EXERCISE PROMPT ▸ Your answer should be the lines from the start of the records through the line with "R] by linarith", copied word for word.

[Start of Attachment]

lemma sum_log_convex:
  fixes a b c :: "'i \<Rightarrow> real"
  assumes "\<And>i. i \<in> I \<Longrightarrow> (b i)\<^sup>2 \<le> a i * c i" "\<And>i. i \<in> I \<Longrightarrow> 0 \<le> a i" "\<And>i. i \<in> I \<Longrightarrow> 0 \<le> c i"
  shows "(sum b I)\<^sup>2 \<le> sum a I * sum c I"
proof -
  have "\<bar>sum b I\<bar> \<le> (\<Sum>i\<in>I. sqrt (a i) * sqrt (c i))"
  proof -
    have "\<bar>sum b I\<bar> \<le> (\<Sum>i\<in>I. \<bar>b i\<bar>)" by (rule sum_abs)
    also have "\<dots> \<le> (\<Sum>i\<in>I. sqrt (a i) * sqrt (c i))"
    proof (rule sum_mono)
      fix i assume i: "i \<in> I"
      have "\<bar>b i\<bar> = sqrt ((b i)\<^sup>2)" by simp
      also have "\<dots> \<le> sqrt (a i * c i)" using assms(1)[OF i] by (rule real_sqrt_le_mono)
      also have "\<dots> = sqrt (a i) * sqrt (c i)" by (simp add: real_sqrt_mult)
      finally show "\<bar>b i\<bar> \<le> sqrt (a i) * sqrt (c i)" .
    qed
    finally show ?thesis .
  qed
  then have "(sum b I)\<^sup>2 \<le> (\<Sum>i\<in>I. sqrt (a i) * sqrt (c i))\<^sup>2"
    by (metis abs_le_square_iff abs_of_nonneg abs_ge_zero order_trans abs_idempotent power2_abs)
  also have "\<dots> \<le> (\<Sum>i\<in>I. (sqrt (a i))\<^sup>2) * (\<Sum>i\<in>I. (sqrt (c i))\<^sup>2)"
    by (rule Cauchy_Schwarz_ineq_sum)
  also have "\<dots> = sum a I * sum c I" using assms(2,3) by simp
  finally show ?thesis .
qed

lemma log_convex_zero_propagates:
  fixes f :: "nat \<Rightarrow> real"
  assumes lc: "\<And>j. (f (Suc j))\<^sup>2 \<le> f j * f (Suc (Suc j))" and nn: "\<And>j. 0 \<le> f j"
    and z: "f j = 0"
  shows "f (j + d) = 0"
proof (induction d)
  case 0 then show ?case using z by simp
next
  case (Suc d)
  have "(f (Suc (j + d)))\<^sup>2 \<le> 0" using lc[of "j + d"] Suc by simp
  then show ?case by simp
qed
text \<open>Crude upper bound at squared distances a >= 4R^2 when h >= 2R: there the kernel
  stays below the lower bound of sa_kernel_lower at distance R by a margin R^2/(2h^4).\<close>
lemma sa_kernel_far:
  fixes h a R :: real assumes h: "h > 0" and a: "4*R^2 \<le> a" and hR: "4*R^2 \<le> h^2"
  shows "sa_kernel h a \<le> 1/h^2 - 2*R^2 / h^4"
proof -
  have a0: "a \<ge> 0" using a zero_le_power2[of R] by linarith
  obtain s where sh: "s \<ge> h" and s2: "s\<^sup>2 = a + h\<^sup>2" and k: "sa_kernel h a = h / s^3"
    using sa_kernel_root_form[OF h a0] by blast
  have p: "0 < 4*R^2 + h^2" using h by (simp add: add_nonneg_pos)
  have "h / s^3 \<le> 1 / s^2"
    using sh h by (simp add: field_simps power2_eq_square power3_eq_cube mult_right_mono)
  also have "\<dots> = 1/(a + h^2)" using s2 by simp
  also have "\<dots> \<le> 1/(4*R^2 + h^2)"
    using p a by (intro divide_left_mono) auto
  also have "\<dots> \<le> 1/h^2 - 2*R^2 / h^4"
  proof -
    have "(4*R^2 + h^2) * (h^2 - 2*R^2) - h^4 = 2*R^2*(h^2 - 4*R^2)" by algebra
    moreover have "0 \<le> 2*R^2*(h^2 - 4*R^2)" using hR by simp
    ultimately have "h^4 \<le> (4*R^2 + h^2) * (h^2 - 2*R^2)" by linarith
    then show ?thesis using p h by (simp add: field_simps power4_eq_xxxx power2_eq_square)
  qed
  finally show ?thesis by (simp only: k)
qed

lemma kernel_gain_far:
  fixes x y G :: "'a::real_normed_vector" and h R :: real
  assumes h: "h > 0" and R: "R > 0" and hR: "2*R \<le> h"
    and yG: "norm (y - G) \<le> R" and xG: "3*R \<le> norm (x - G)"
  shows "R^2 / (2*h^4) \<le> sa_kernel h ((norm (y - G))\<^sup>2) - sa_kernel h ((norm (y - x))\<^sup>2)"
proof -
  have "(norm (y - G))\<^sup>2 \<le> R^2" using yG by (intro power_mono) auto
  then have "1/h^2 - 3/2 * R^2 / h^4 \<le> 1/h^2 - 3/2 * (norm (y - G))\<^sup>2 / h^4"
    using h by (simp add: divide_right_mono)
  also have "\<dots> \<le> sa_kernel h ((norm (y - G))\<^sup>2)" by (rule sa_kernel_lower[OF h]) simp
  finally have lo: "1/h^2 - 3/2 * R^2 / h^4 \<le> sa_kernel h ((norm (y - G))\<^sup>2)" .
  have "norm (x - G) \<le> norm (y - x) + norm (y - G)"
    using norm_triangle_ineq4[of "y - G" "y - x"] by (simp add: norm_minus_commute)
  then have "2*R \<le> norm (y - x)" using yG xG by simp
  then have "(2*R)^2 \<le> (norm (y - x))\<^sup>2" using R by (intro power_mono) auto
  moreover have "(2*R)^2 \<le> h^2" using hR R by (intro power_mono) auto
  ultimately have up: "sa_kernel h ((norm (y - x))\<^sup>2) \<le> 1/h^2 - 2*R^2 / h^4"
    by (intro sa_kernel_far[OF h]) (simp_all add: power_mult_distrib)
  show ?thesis using lo up by (simp add: field_simps)
qed
lemma is_mixedD:
  assumes "is_mixed x"
  shows "0 \<le> x Rock" "0 \<le> x Paper" "0 \<le> x Scissors" "x Rock + x Paper + x Scissors = 1"
  using assms by (auto simp: is_mixed_def objs_def)

lemma exp_payoff_Suc:
  "exp_payoff (Suc n) x a = sample_expectation objs x n (\<lambda>M. payoff (Suc n) (add_mset a M) a)"
  by (simp add: exp_payoff_def sample_expectation_def)

lemma payoff_add_mset:
  "payoff m (add_mset a M) a =
    (if winner (add_mset a M) = a then real m / (1 + real (count M a)) - 1 else -1)"
  by (simp add: payoff_def field_simps)

text \<open>Rock wins unless the others avoid Scissors but not Paper; the three terms are
  inclusion-exclusion over the events \<open>set_mset M \<subseteq> A\<close>.\<close>

lemma payoff_Rock:
  "payoff (Suc n) (add_mset Rock M) Rock =
    (real (Suc n) * pot_share objs Rock M - 1) - (real (Suc n) * pot_share {Rock, Paper} Rock M - 1)
      + (real (Suc n) * pot_share {Rock} Rock M - 1)"
proof -
  have "set_mset M \<subseteq> {Rock, Paper} \<longleftrightarrow> Scissors \<notin># M"
    by (auto, metis obj.exhaust)
  moreover have "set_mset M \<subseteq> {Rock} \<longleftrightarrow> Scissors \<notin># M \<and> Paper \<notin># M"
    by (auto, metis obj.exhaust)
  ultimately show ?thesis
    by (auto simp: payoff_add_mset winner_def pot_share_def objs_UNIV)
qed

lemma payoff_Paper:
  "payoff (Suc n) (add_mset Paper M) Paper = real (Suc n) * pot_share {Rock, Paper} Paper M - 1"
proof -
  have "set_mset M \<subseteq> {Rock, Paper} \<longleftrightarrow> Scissors \<notin># M"
    by (auto, metis obj.exhaust)
  then show ?thesis
    by (auto simp: payoff_add_mset winner_def pot_share_def)
qed

lemma payoff_Scissors:
  "payoff (Suc n) (add_mset Scissors M) Scissors = real (Suc n) * pot_share {Paper, Scissors} Scissors M - 1"
proof -
  have "set_mset M \<subseteq> {Paper, Scissors} \<longleftrightarrow> Rock \<notin># M"
    by (auto, metis obj.exhaust)
  then show ?thesis
    by (auto simp: payoff_add_mset winner_def pot_share_def)
qed
lemma poisson_integral_complex:
  assumes a: "a > 0"
  shows "complex_of_real (poisson_integral a x)
    = (\<integral>r. complex_of_real (poisson_weight a r) * iexp (x * r) \<partial>lborel)"
proof -
  have int_cos: "integrable lborel (\<lambda>r. poisson_weight a r * cos (x * r))"
    and int_sin: "integrable lborel (\<lambda>r. poisson_weight a r * sin (x * r))"
    by (auto intro!: Bochner_Integration.integrable_bound[OF poisson_weight_integrable[OF a]] AE_I2
             simp: abs_mult poisson_weight_nonneg mult_left_le)
  have sin_0: "(\<integral>r. poisson_weight a r * sin (x * r) \<partial>lborel) = 0"
  proof -
    have "(\<integral>r. poisson_weight a r * sin (x * r) \<partial>lborel)
        = \<bar>-1\<bar> *\<^sub>R (\<integral>r. poisson_weight a (0 + -1*r) * sin (x * (0 + -1*r)) \<partial>lborel)"
      by (rule lborel_integral_real_affine) simp
    also have "\<dots> = - (\<integral>r. poisson_weight a r * sin (x * r) \<partial>lborel)"
      by (simp add: poisson_weight_minus)
    finally show ?thesis by simp
  qed
  have "(\<integral>r. complex_of_real (poisson_weight a r) * iexp (x * r) \<partial>lborel)
      = (\<integral>r. complex_of_real (poisson_weight a r * cos (x * r))
             + \<i> * complex_of_real (poisson_weight a r * sin (x * r)) \<partial>lborel)"
    by (intro Bochner_Integration.integral_cong refl) (simp add: complex_eq_iff Re_exp Im_exp)
  also have "\<dots> = complex_of_real (\<integral>r. poisson_weight a r * cos (x * r) \<partial>lborel)
      + \<i> * complex_of_real (\<integral>r. poisson_weight a r * sin (x * r) \<partial>lborel)"
  proof -
    have "integrable lborel (\<lambda>r. complex_of_real (poisson_weight a r * cos (x * r)))"
      by (rule integrable_of_real[OF int_cos])
    moreover have "integrable lborel (\<lambda>r. \<i> * complex_of_real (poisson_weight a r * sin (x * r)))"
      by (rule integrable_mult_right[OF integrable_of_real[OF int_sin]])
    ultimately have "(\<integral>r. complex_of_real (poisson_weight a r * cos (x * r))
             + \<i> * complex_of_real (poisson_weight a r * sin (x * r)) \<partial>lborel)
        = (\<integral>r. complex_of_real (poisson_weight a r * cos (x * r)) \<partial>lborel)
          + (\<integral>r. \<i> * complex_of_real (poisson_weight a r * sin (x * r)) \<partial>lborel)"
      by (rule Bochner_Integration.integral_add)
    then show ?thesis unfolding integral_mult_right_zero integral_complex_of_real .
  qed
  finally show ?thesis using sin_0 by (simp add: poisson_integral_def)
qed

[End of Attachment]

ANSWER BOX ▸
lemma sum_log_convex:
  fixes a b c :: "'i \<Rightarrow> real"
  assumes "\<And>i. i \<in> I \<Longrightarrow> (b i)\<^sup>2 \<le> a i * c i" "\<And>i. i \<in> I \<Longrightarrow> 0 \<le> a i" "\<And>i. i \<in> I \<Longrightarrow> 0 \<le> c i"
  shows "(sum b I)\<^sup>2 \<le> sum a I * sum c I"
proof -
  have "\<bar>sum b I\<bar> \<le> (\<Sum>i\<in>I. sqrt (a i) * sqrt (c i))"
  proof -
    have "\<bar>sum b I\<bar> \<le> (\<Sum>i\<in>I. \<bar>b i\<bar>)" by (rule sum_abs)
    also have "\<dots> \<le> (\<Sum>i\<in>I. sqrt (a i) * sqrt (c i))"
    proof (rule sum_mono)
      fix i assume i: "i \<in> I"
      have "\<bar>b i\<bar> = sqrt ((b i)\<^sup>2)" by simp
      also have "\<dots> \<le> sqrt (a i * c i)" using assms(1)[OF i] by (rule real_sqrt_le_mono)
      also have "\<dots> = sqrt (a i) * sqrt (c i)" by (simp add: real_sqrt_mult)
      finally show "\<bar>b i\<bar> \<le> sqrt (a i) * sqrt (c i)" .
    qed
    finally show ?thesis .
  qed
  then have "(sum b I)\<^sup>2 \<le> (\<Sum>i\<in>I. sqrt (a i) * sqrt (c i))\<^sup>2"
    by (metis abs_le_square_iff abs_of_nonneg abs_ge_zero order_trans abs_idempotent power2_abs)
  also have "\<dots> \<le> (\<Sum>i\<in>I. (sqrt (a i))\<^sup>2) * (\<Sum>i\<in>I. (sqrt (c i))\<^sup>2)"
    by (rule Cauchy_Schwarz_ineq_sum)
  also have "\<dots> = sum a I * sum c I" using assms(2,3) by simp
  finally show ?thesis .
qed

lemma log_convex_zero_propagates:
  fixes f :: "nat \<Rightarrow> real"
  assumes lc: "\<And>j. (f (Suc j))\<^sup>2 \<le> f j * f (Suc (Suc j))" and nn: "\<And>j. 0 \<le> f j"
    and z: "f j = 0"
  shows "f (j + d) = 0"
proof (induction d)
  case 0 then show ?case using z by simp
next
  case (Suc d)
  have "(f (Suc (j + d)))\<^sup>2 \<le> 0" using lc[of "j + d"] Suc by simp
  then show ?case by simp
qed
text \<open>Crude upper bound at squared distances a >= 4R^2 when h >= 2R: there the kernel
  stays below the lower bound of sa_kernel_lower at distance R by a margin R^2/(2h^4).\<close>
lemma sa_kernel_far:
  fixes h a R :: real assumes h: "h > 0" and a: "4*R^2 \<le> a" and hR: "4*R^2 \<le> h^2"
  shows "sa_kernel h a \<le> 1/h^2 - 2*R^2 / h^4"
proof -
  have a0: "a \<ge> 0" using a zero_le_power2[of R] by linarith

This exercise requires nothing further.